Dr Kane Race, a lecturer at the National Centre in HIV Social Research at the University of New South Wales, sees a direct link between the changing nature of HIV/ AIDS and the rise and fall of Mardi Gras.

You can see a drop-off from the parties from about 1997 I think, which corresponds fairly closely to the changing nature of the epidemic, Race says.

Part of the experience of the dance party in the context of AIDS was that it was sacred. The shift away from a sense of collective crisis to a more privatised, individual experience with AIDS -“ and the possibility of this being your last Mardi Gras to the possibility of living another 20 years -“ changes some of the ritualistic elements of Mardi Gras.

Race sees two other social factors which correspond with the decline of Mardi Gras in the late 90s. The first is the internet.

It has had a radical effect on how gay relations are practised, he says. It’s changed the ways people seek all sorts of connections, including sexual connections. Today the internet is a key sexual venue, and this could be creating a drop in attendance at other social and community venues.
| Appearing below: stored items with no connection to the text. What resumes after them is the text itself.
lemma Hid_in_AutA_id:
  assumes "ring_aut \<sigma>" "0 < m" "k \<in> carrier (normone_group \<sigma> m)"
  shows "Hid \<sigma> m k \<in> carrier (AutA_id \<sigma> m d)"
proof -
  have "is_Aaut \<sigma> m d (Hid \<sigma> m k)"
    using assms(3) is_Aaut_Hid[OF assms(1,2)] by (simp add: normone_group_carrier)
  moreover have "\<forall>a. Hid \<sigma> m k (const a) = const a" using Hid_const[OF assms(2)] by blast
  ultimately show ?thesis by (simp add: AutA_id_def)
qed

lemma Hid_inj_on:
  assumes "0 < m"
  shows "inj_on (Hid \<sigma> m) (carrier (normone_group \<sigma> m))"
proof (cases "m = 1")
  case True
  then have "carrier (normone_group \<sigma> m) \<subseteq> {1}" by (auto simp: normone_group_carrier twisted_prod_Suc)
  then show ?thesis by (rule inj_on_subset[rotated]) simp
next
  case False
  then have "1 < m" using assms by simp
  then show ?thesis using Hid_tmonom_1 by (metis inj_onI)
qed

lemma Hid_iso:
  assumes \<sigma>: "ring_aut \<sigma>" and ro: "restr_order \<sigma> m" and d: "d \<noteq> 0"
  shows "Hid \<sigma> m \<in> iso (normone_group \<sigma> m) (AutA_id \<sigma> m d)"
proof -
  have m: "0 < m" using ro by (simp add: restr_order_def)
  have "Hid \<sigma> m ` carrier (normone_group \<sigma> m) = carrier (AutA_id \<sigma> m d)"
    using Hid_in_AutA_id[OF \<sigma> m] AutA_id_eq_Hid[OF \<sigma> ro d] by blast
  then show ?thesis
    using Hid_inj_on[OF m] Hid_in_AutA_id[OF \<sigma> m] compose_Hid[OF \<sigma>]
    by (auto simp: iso_def hom_def bij_betw_def AutA_id_def normone_group_def)
qed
The proliferation of gays in the media from the late 90s onwards also had an effect, according to Race.

Part of the pleasure of the Mardi Gras parade was about flaunting. It was about the movement from private to public. So when you have a bigger saturation of gay images in public it would make sense that the parade isn’t quite as exciting as it once was.
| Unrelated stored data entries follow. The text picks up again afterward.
(* Let $(Y(0),Y(1),\tilde U,X,Z)$ be random variables as described in the context, and suppose Assumption 1 holds. Then for every (measurable) encouragement rule $\boldsymbol{\alpha}:\mathcal{X}\times\mathcal{Z}\to\mathbb{R}$, \[ W(\boldsymbol{\alpha})=E[Y]+E\Big[\int_0^1 \operatorname{MTE}(u,X)\,\big(1\{p(X,\boldsymbol{\alpha}(X,Z))\geq u\}-1\{p(X,Z)\geq u\}\big)\,du\Big]. \]
   Context: Setup: $D\in\{0,1\}$ is a binary treatment; $(Y(0),Y(1))$ are real-valued potential outcomes and $Y=Y(1)D+Y(0)(1-D)$; $X\in\mathcal{X}\subset\mathbb{R}^{d_x}$ are covariates; $Z\in\mathcal{Z}\subset\mathbb{R}$ is an instrument. For each $z\in\mathbb{R}$ the potential treatment is $D(z)=1\{\tilde\nu(X,z)-\tilde U\geq 0\}$ for an unknown function $\tilde\nu$ and an unobserved scalar $\tilde U$, and the observed treatment is $D=D(Z)$. Assumption 1: (i) $\tilde U$ is independent of $Z$ conditional on $X$; (ii) $E[Y(d)\mid X,Z,\tilde U]=E[Y(d)\mid X,\tilde U]$ and $E|Y(d)|<\infty$ for $d\in\{0,1\}$; (iii) $\tilde U$ is continuously distributed conditional on $X$. Define $U=F_{\tilde U|X}(\tilde U\mid X)$ and $\nu(x,z)=F_{\tilde U|X}(\tilde\nu(x,z)\mid x)$, so that $D(z)=1\{\nu(X,z)\ge U\}$ with $U\mid X,Z\sim\mathrm{Unif}[0,1]$, and the propensity score $p(x,z)=\Pr(D=1\mid X=x,Z=z)$ equals $\nu(x,z)$ (extended to all $z\in\mathbb{R}$ via this formula). The marginal treatment effect is $\operatorname{MTE}(u,x)=E[Y(1)-Y(0)\mid U=u,X=x]$. An encouragement rule is a map $\boldsymbol{\alpha}:\mathcal{X}\times\mathcal{Z}\to\mathbb{R}$ that sets the instrument of an individual with $(X,Z)=(x,z)$ to $\boldsymbol{\alpha}(x,z)$; its social welfare is $W(\boldsymbol{\alpha})=E[Y(D(\boldsymbol{\alpha}(X,Z)))]$ where $Y(D(a))=Y(1)D(a)+Y(0)(1-D(a))$. *)

theory Defs
  imports "HOL-Probability.Probability"
begin

definition gen_sigma :: "'a measure \<Rightarrow> ('a \<Rightarrow> 'b::topological_space) \<Rightarrow> 'a measure" where
  "gen_sigma M f = vimage_algebra (space M) f borel"

definition pot_treat :: "('x \<Rightarrow> real \<Rightarrow> real) \<Rightarrow> ('a \<Rightarrow> 'x) \<Rightarrow> ('a \<Rightarrow> real) \<Rightarrow> 'a \<Rightarrow> real \<Rightarrow> real" where
  "pot_treat nut X Ut w a = (if nut (X w) a - Ut w \<ge> 0 then 1 else 0)"

definition outcome :: "('a \<Rightarrow> real) \<Rightarrow> ('a \<Rightarrow> real) \<Rightarrow> 'a \<Rightarrow> real \<Rightarrow> real" where
  "outcome Y0 Y1 w d = Y1 w * d + Y0 w * (1 - d)"

definition welfare ::
  "'a measure \<Rightarrow> ('a \<Rightarrow> real) \<Rightarrow> ('a \<Rightarrow> real) \<Rightarrow> ('x \<Rightarrow> real \<Rightarrow> real) \<Rightarrow> ('a \<Rightarrow> 'x) \<Rightarrow> ('a \<Rightarrow> real)
    \<Rightarrow> ('a \<Rightarrow> real) \<Rightarrow> ('x \<Rightarrow> real \<Rightarrow> real) \<Rightarrow> real" where
  "welfare M Y0 Y1 nut X Ut Z \<alpha> =
     (\<integral>w. outcome Y0 Y1 w (pot_treat nut X Ut w (\<alpha> (X w) (Z w))) \<partial>M)"

text \<open>Propensity score p(x,z) = F_{U~|X}(nu~(x,z) | x), for all real z.\<close>
definition propensity :: "('x \<Rightarrow> real \<Rightarrow> real) \<Rightarrow> ('x \<Rightarrow> real \<Rightarrow> real) \<Rightarrow> 'x \<Rightarrow> real \<Rightarrow> real" where
  "propensity F nut x z = F x (nut x z)"

end

theory Submission
  imports Defs
begin

text \<open>Write \<open>Q x\<close> for the quantile function of the continuous conditional cdf \<open>F x\<close> of \<open>Ut\<close>
  given \<open>X = x\<close>. Conditional independence of \<open>Ut\<close> and \<open>Z\<close> given \<open>X\<close> makes the law of
  \<open>((X, Z), Ut)\<close> equal to that of \<open>((X, Z), Q X V)\<close> with \<open>V\<close> uniform on \<open>(0,1)\<close> and independent
  of \<open>(X, Z)\<close>: both give \<open>C \<times> (-\<infinity>, t]\<close> the mass \<open>E[1\<^sub>C(X, Z) F(X, t)]\<close>. Consequently
  \<open>Ut = Q X U\<close> almost surely for \<open>U = F X Ut\<close>, so \<open>D(a) = 1{U \<le> p(X, a)}\<close> almost surely and
  \<open>(X, Ut)\<close> and \<open>(U, X)\<close> carry the same information. Since \<open>Y(D(a)) = Y(0) + (Y(1) - Y(0)) D(a)\<close>,
  the welfare gain is \<open>E[(Y(1) - Y(0)) (D(\<alpha>) - D(Z))]\<close>; conditioning on \<open>(X, Z, Ut)\<close> and using
  mean independence turns \<open>Y(1) - Y(0)\<close> into \<open>MTE(U, X)\<close>, and integrating out \<open>V\<close> in
  the coupling gives the integral over \<open>u \<in> [0, 1]\<close>.\<close>

section \<open>Generated \<open>\<sigma>\<close>-algebras and the uniform distribution on \<open>(0,1)\<close>\<close>

lemma space_gen_sigma[simp]: "space (gen_sigma M f) = space M"
  by (simp add: gen_sigma_def)

lemma subalgebra_gen_sigma:
  fixes f :: "'a \<Rightarrow> 'b::topological_space"
  assumes "f \<in> borel_measurable M"
  shows "subalgebra M (gen_sigma M f)"
  using assms unfolding subalgebra_def gen_sigma_def
  by (simp add: measurable_iff_sets)

lemma (in finite_measure) sigma_finite_subalgebra_gen_sigma:
  fixes f :: "'a \<Rightarrow> 'b::topological_space"
  assumes "f \<in> borel_measurable M"
  shows "sigma_finite_subalgebra M (gen_sigma M f)"
  by (rule finite_measure_subalgebra_is_sigma_finite)
     (simp add: finite_measure_subalgebra_def finite_measure_subalgebra_axioms_def
       finite_measure_axioms assms subalgebra_gen_sigma)

lemma measurable_gen_sigma_comp:
  assumes "h \<in> measurable (borel :: 'b::topological_space measure) N"
  shows "(\<lambda>w. h (f w)) \<in> measurable (gen_sigma M f) N"
  unfolding gen_sigma_def
  by (rule measurable_compose[OF measurable_vimage_algebra1 assms]) simp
So is there still a gay community to speak of? Gary Dowsett, associate professor at the Australian Research Centre in Sex, Health and Society (ARCSHS) at La Trobe University, considers today’s gay community to be split into three separate generations: the pre-AIDS generation, the AIDS generation and the post-AIDS generation. And each generation wants different things.

These three generations of gay community have quite different value systems and knowledge systems and understandings of what sex is, what same-sex desire is, what homosexuality is, what gay is, and what you expect out of your life sexually, he says.

Educated about HIV/ AIDS from a young age, the post-AIDS generation was brought up at a time when the gay community seemed a lot bigger and stronger than it actually was, according to Dowsett, who was ACON’s vice-president in the early 90s.

The image of the gay community as a solid, contiguous form was given quite a deal of credibility by the struggle against HIV, and the struggle about the decriminalisation that occurred in this country at the same time, he says.

I think it was less solid than it looked. In the heyday of Mardi Gras there was enough gravitas in the centre of it because of AIDS, because of the struggle for law reform, because of the Oxford Street precinct around that time. I think Mardi Gras was there for a period of time to support these things, but it wasn’t sustainable.

The focus of the gay community became blurred from the mid-90s when treatments made a huge difference to the urgency of the epidemic and law reform started happening.

The kind of thing you call the -˜gay community’ that the post-AIDS generation were coming out to was already dissolving, Dowsett says.

Dowsett’s colleague at the ARCSHS, senior researcher Michael Hurley, was arrested in 1978 while protesting against the arrest of participants in the first Mardi Gras march. He believes one of the social factors contributing to the falling attendances at Mardi Gras is the ageing population.

Lesbian, gay and queer populations are ageing at the same rate as everyone else and ask for different things from life now than 20 years ago, Hurley says.

Whether we like it or not, Mardi Gras as a cultural form is middle-aged and the children have flown the nest. Queers live differently [these days].

They value different ways of living: children, marriage, family. The general trend is toward integration with the mainstream rather than toward separate spaces. Gays and lesbians are assimilating. Identity is being configured increasingly loosely and incorporated into everyday lives that are not defined by difference.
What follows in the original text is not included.